In 2021, Song swapped life as a Big Law attorney for in-house counsel at Whole Foods Market. Following her previous path as a judicial clerk at a major law firm in Washington, DC, it was a significant change that took a lot of courage. “Having various experiences helped me push through self-doubt and fear,” says Song, “to better communicate with both empathy and boundaries.” Today, Song serves as senior regulatory counsel for Whole Foods Market, assisting with regulatory compliance of food law. She works with fewer lawyers than she used to but with more business partners who are experts in other areas, such as nutrition and technology.
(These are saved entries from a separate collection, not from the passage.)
text \<open>The class of \<open>\<sigma> = \<Sum>\<alpha>\<^sub>i\<close> is the only element of order two in
  \<open>H\<^sub>1(F) = \<int>\<^sup>n/\<langle>2\<sigma>\<rangle>\<close>, so every automorphism \<open>\<phi>\<close> fixes it. Since
  \<open>\<sigma>, \<alpha>\<^sub>1, \<dots>, \<alpha>\<^sub>n\<^sub>-\<^sub>1\<close> is a basis of \<open>\<int>\<^sup>n\<close> (indices start at 0),
  \<open>\<phi>\<close> lifts to the endomorphism \<open>\<psi>\<close> fixing \<open>\<sigma>\<close> and sending each \<open>\<alpha>\<^sub>i\<close>, \<open>i > 0\<close>,
  to a representative of \<open>\<phi>[\<alpha>\<^sub>i]\<close>. Then \<open>\<psi>\<close> fixes \<open>\<langle>2\<sigma>\<rangle>\<close> pointwise and
  induces the bijection \<open>\<phi>\<close> on the quotient, which forces \<open>\<psi>\<close> to be bijective.\<close>

lemma (in group) subgroup_equalizer:
  assumes "group K" "f \<in> hom G K" "g \<in> hom G K"
  shows "subgroup {x \<in> carrier G. f x = g x} G"
proof -
  interpret f: group_hom G K f using assms by (simp add: group_hom_def group_hom_axioms_def is_group)
  interpret g: group_hom G K g using assms by (simp add: group_hom_def group_hom_axioms_def is_group)
  show ?thesis
    by (rule subgroupI) auto
qed

lemma (in group) iso_fixes_unique_involution:
  assumes "\<phi> \<in> iso G G" "z \<in> carrier G" "z \<otimes> z = \<one>" "z \<noteq> \<one>"
    and unique: "\<And>x. x \<in> carrier G \<Longrightarrow> x \<otimes> x = \<one> \<Longrightarrow> x = \<one> \<or> x = z"
  shows "\<phi> z = z"
proof -
  have hom: "\<phi> \<in> hom G G" and inj: "inj_on \<phi> (carrier G)"
    using assms(1) by (auto simp: iso_def bij_betw_def)
  have one: "\<phi> \<one> = \<one>"
    using hom by (simp add: hom_one is_group)
  have "\<phi> z \<otimes> \<phi> z = \<one>"
    using hom_mult[OF hom assms(2,2)] assms(3) one by simp
  moreover have "\<phi> z \<noteq> \<one>"
    using inj assms(2,4) one by (metis inj_on_eq_iff one_closed)
  ultimately show ?thesis
    using unique hom_in_carrier[OF hom assms(2)] by blast
qed
lemma left_ties_subset:
  assumes q: "q < start (2 * m)" and i: "block q = Suc i"
  shows "left_ties q \<subseteq> {start (block q)..<q} \<union> (\<lambda>a. start i + a) `
    {a. a < N * weight i \<and> (N * weight i - a) * weight (block q) \<le> offset q * weight i}"
proof
  fix p assume "p \<in> left_ties q"
  then have p: "p < q" "label p q = block q"
    unfolding left_ties_def by auto
  then have p_range: "p < start (2 * m)"
    using q by simp
  consider "block p = block q"
    | "block p = i" "N * weight i * weight (block q) \<le> offset q * weight i + offset p * weight (block q)"
    using label_eq_block_left_iff[OF p(1) q] p(2) i by auto
  then show "p \<in> {start (block q)..<q} \<union> (\<lambda>a. start i + a) `
    {a. a < N * weight i \<and> (N * weight i - a) * weight (block q) \<le> offset q * weight i}"
  proof cases
    case 1
    then show ?thesis
      using p block_bounds(2)[OF p_range] by simp
  next
    case 2
    moreover have "(N * weight i - offset p) * weight (block q)
        = N * weight i * weight (block q) - offset p * weight (block q)"
      by (simp add: diff_mult_distrib)
    moreover have "p = start i + offset p"
      using offset_bounds(1)[OF p_range] 2 by simp
    ultimately show ?thesis
      using offset_bounds(2)[OF p_range] by (intro UnI2 image_eqI[of p _ "offset p"]) simp_all
  qed
qed

lemma card_left_ties_le:
  assumes q: "q < start (2 * m)"
  shows "weight (block q) * card (left_ties q)
    \<le> offset q * (weight (block q) + (if block q = 0 then 0 else weight (block q - 1)))"
proof (cases "block q")
  case 0
  have "card (left_ties q) \<le> card {..<q}"
    unfolding left_ties_def by (rule card_mono) auto
  moreover have "q = offset q"
    using offset_bounds(1)[OF q] 0 by (simp add: start_def)
  ultimately show ?thesis
    using 0 by simp
next
  case (Suc i)
  define E where "E = {a. a < N * weight i \<and> (N * weight i - a) * weight (block q) \<le> offset q * weight i}"
  have "card (left_ties q) \<le> card ({start (block q)..<q} \<union> (\<lambda>a. start i + a) ` E)"
    using left_ties_subset[OF q Suc] unfolding E_def[symmetric] by (rule card_mono[rotated]) (simp add: E_def)
  also have "\<dots> \<le> card {start (block q)..<q} + card ((\<lambda>a. start i + a) ` E)"
    by (rule card_Un_le)
  also have "\<dots> \<le> offset q + card E"
    using card_image_le[of E "\<lambda>a. start i + a"] offset_bounds(1)[OF q] by (simp add: E_def)
  finally have "weight (block q) * card (left_ties q) \<le> weight (block q) * (offset q + card E)"
    by (rule mult_le_mono2)
  moreover have "weight (block q) * card E \<le> offset q * weight i"
    unfolding E_def by (rule card_gap_le) (use weight_pos block_bounds(1)[OF q] in auto)
  ultimately show ?thesis
    using Suc by (simp add: algebra_simps)
qed

lemma right_ties_subset:
  assumes q: "q < start (2 * m)"
  defines "j \<equiv> block q"
  shows "right_ties q \<subseteq> {Suc q..<start (Suc j)} \<union> (\<lambda>c. start (Suc j) + c) `
    {c. c * weight j < (N * weight j - offset q) * weight (Suc j)}"
proof
  fix r assume "r \<in> right_ties q"
  then have r: "q < r" "r < start (2 * m)" "label q r = j"
    unfolding right_ties_def j_def by auto
  consider "block r = j"
    | "block r = Suc j" "offset r * weight j + offset q * weight (Suc j) < N * weight j * weight (Suc j)"
    using label_eq_block_right_iff[of q r] r(3) unfolding j_def by auto
  then show "r \<in> {Suc q..<start (Suc j)} \<union> (\<lambda>c. start (Suc j) + c) `
    {c. c * weight j < (N * weight j - offset q) * weight (Suc j)}"
  proof cases
    case 1
    then show ?thesis
      using r block_bounds(3)[OF r(2)] by simp
  next
    case 2
    moreover have "(N * weight j - offset q) * weight (Suc j)
        = N * weight j * weight (Suc j) - offset q * weight (Suc j)"
      by (simp add: diff_mult_distrib)
    moreover have "r = start (Suc j) + offset r"
      using offset_bounds(1)[OF r(2)] 2 by simp
    ultimately show ?thesis
      by (intro UnI2 image_eqI[of r _ "offset r"]) simp_all
  qed
qed

lemma card_right_ties_le:
  assumes q: "q < start (2 * m)"
  shows "weight (block q) * card (right_ties q)
    \<le> (N * weight (block q) - offset q) * (weight (block q) + weight (Suc (block q)))"
proof -
  define j where "j = block q"
  define S where "S = N * weight j"
  define b where "b = offset q"
  define E where "E = {c. c * weight j < (S - b) * weight (Suc j)}"
  have q_split: "q = start j + b" "b < S"
    using offset_bounds[OF q] unfolding j_def b_def S_def by simp_all
  have weight_j: "0 < weight j"
    using weight_pos block_bounds(1)[OF q] unfolding j_def by simp
  note E_bounds = card_mult_less_le[OF weight_j, of "(S - b) * weight (Suc j)", folded E_def]
  have "card (right_ties q) \<le> card ({Suc q..<start (Suc j)} \<union> (\<lambda>c. start (Suc j) + c) ` E)"
    using right_ties_subset[OF q] E_bounds(1)
    unfolding j_def[symmetric] b_def[symmetric] S_def[symmetric] E_def[symmetric]
    by (intro card_mono) simp_all
  also have "\<dots> \<le> card {Suc q..<start (Suc j)} + card ((\<lambda>c. start (Suc j) + c) ` E)"
    by (rule card_Un_le)
  also have "\<dots> \<le> (S - Suc b) + card E"
    using card_image_le[OF E_bounds(1), of "\<lambda>c. start (Suc j) + c"] q_split
    unfolding S_def by (simp add: start_Suc)
  finally have "weight j * card (right_ties q) \<le> weight j * (S - Suc b) + weight j * card E"
    using mult_le_mono2 by (metis add_mult_distrib2)
  also have "\<dots> \<le> weight j * Suc (S - Suc b) + (S - b) * weight (Suc j)"
    using E_bounds(2) by simp
  also have "Suc (S - Suc b) = S - b"
    using q_split(2) by simp
  finally show ?thesis
    unfolding j_def[symmetric] S_def[symmetric] b_def[symmetric] by (simp add: algebra_simps)
qed

lemma tie_product_le:
  assumes j: "j < 2 * m" and b: "b < N * weight j"
  defines "q \<equiv> start j + b"
  shows "weight j ^ 2 * (card (left_ties q) * card (right_ties q))
    \<le> m * (m + 1) * (b * (N * weight j - b))"
proof -
  have q_block: "q < start (Suc j)"
    using b unfolding q_def by (simp add: start_Suc)
  then have q: "q < start (2 * m)"
    using start_mono[of "Suc j" "2 * m"] j by simp
  have block_q: "block q = j" and offset_q: "offset q = b"
    using block_eqI[of j q] q_block unfolding q_def offset_def by simp_all
  have "weight j * card (left_ties q) \<le> b * (weight j + (if j = 0 then 0 else weight (j - 1)))"
    and "weight j * card (right_ties q) \<le> (N * weight j - b) * (weight j + weight (Suc j))"
    using card_left_ties_le[OF q] card_right_ties_le[OF q] unfolding block_q offset_q .
  then have "(weight j * card (left_ties q)) * (weight j * card (right_ties q))
      \<le> (b * (weight j + (if j = 0 then 0 else weight (j - 1))))
        * ((N * weight j - b) * (weight j + weight (Suc j)))"
    by (rule mult_le_mono)
  also have "\<dots> = (weight j + (if j = 0 then 0 else weight (j - 1))) * (weight j + weight (Suc j))
      * (b * (N * weight j - b))"
    by (simp only: ac_simps)
  also have "\<dots> = m * (m + 1) * (b * (N * weight j - b))"
    unfolding neighbour_weights[OF j] ..
  finally show ?thesis
    by (simp add: power2_eq_square algebra_simps)
qed

lemma sum_over_blocks:
  "(\<Sum>q<start K. F q) = (\<Sum>j<K. \<Sum>b<N * weight j. F (start j + b))"
proof (induction K)
  case (Suc K)
  have "(\<Sum>q<start (Suc K). F q) = (\<Sum>q<start K. F q) + (\<Sum>q\<in>{start K..<start K + N * weight K}. F q)"
    unfolding start_Suc by (simp add: sum.atLeastLessThan_concat[symmetric] atLeast0LessThan[symmetric])
  also have "(\<Sum>q\<in>{start K..<start K + N * weight K}. F q) = (\<Sum>b<N * weight K. F (start K + b))"
    using sum.shift_bounds_nat_ivl[of F 0 "start K" "N * weight K"]
    by (simp add: atLeast0LessThan add.commute)
  finally show ?case
    using Suc.IH by simp
qed (simp add: start_def)

lemma block_ties_sum_le:
  assumes j: "j < 2 * m"
  shows "6 * (\<Sum>b<N * weight j. card (left_ties (start j + b)) * card (right_ties (start j + b)))
    \<le> m * (m + 1) * weight j * N ^ 3"
proof -
  define w where "w = weight j"
  define S where "S = N * w"
  define T where "T b = card (left_ties (start j + b)) * card (right_ties (start j + b))" for b
  have "w ^ 2 * (6 * (\<Sum>b<S. T b)) = 6 * (\<Sum>b<S. w ^ 2 * T b)"
    by (simp add: sum_distrib_left mult.left_commute)
  also have "\<dots> \<le> 6 * (\<Sum>b<S. m * (m + 1) * (b * (S - b)))"
    unfolding T_def S_def w_def using tie_product_le[OF j] by (intro mult_le_mono2 sum_mono) simp
  also have "\<dots> = m * (m + 1) * (6 * (\<Sum>b<S. b * (S - b)))"
    by (simp add: sum_distrib_left mult.left_commute)
  also have "\<dots> \<le> m * (m + 1) * S ^ 3"
    using six_sum_mult_diff[of S] by (intro mult_le_mono2) linarith
  also have "\<dots> = w ^ 2 * (m * (m + 1) * w * N ^ 3)"
    unfolding S_def by (simp add: power2_eq_square power3_eq_cube)
  finally have "w ^ 2 * (6 * (\<Sum>b<S. T b)) \<le> w ^ 2 * (m * (m + 1) * w * N ^ 3)" .
  moreover have "0 < w"
    unfolding w_def using weight_pos[OF j] .
  ultimately show ?thesis
    unfolding T_def S_def w_def by simp
qed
In 2023, she volunteered with her family on a farm through Whole Foods Market’s Whole Cities Foundation and local nonprofit Operation Food Search, an experience that reinforced how much Song connects with Whole Foods’ mission to nourish people and the planet. “It was great to combine family time, fresh food access in the community, and agriculture,” she says. “And it allowed me to see a slice of agriculture in Missouri. I am hoping for more opportunities like this in the next year.”

Jordan Russell
Quantum computers and sensors are still emerging technologies, and a tremendous amount of work remains to be done to make them practical and scalable. With Gateway Quantum Electronics (GQE), founder/CEO Jordan Russell is building the tools to make this possible. “There’s very much been an element of being in the right place at the right time: In the last 10 years, there’s been a global explosion of interest and funding for quantum technologies, largely driven by advances in quantum computing,” Russell says. “And WashU has been making consistent investments in quantum research here in St. Louis.” Russell earned his PhD in physics at Washington University, where he studied fundamental quantum phenomena closely related to quantum computing. Since then, he’s worked as a research scientist at the university to develop quantum technologies. Russell is quick to point out that most people will likely never directly use a quantum computer, yet the impact of it and related technologies will likely have profound impacts on many people’s daily lives. “It’s widely believed that quantum computing will revolutionize our abilities to treat diseases; design new chemicals and materials and technologies; optimize supply chains and other logistics problems; and process the large datasets that underpin technologies, like machine learning and artificial intelligence,” he says. Russell founded his company in 2023 to develop technologies that streamline this transition. He hopes that the startup will make it easier for major tech companies to build quantum computers in significant numbers—and accelerate potential breakthroughs.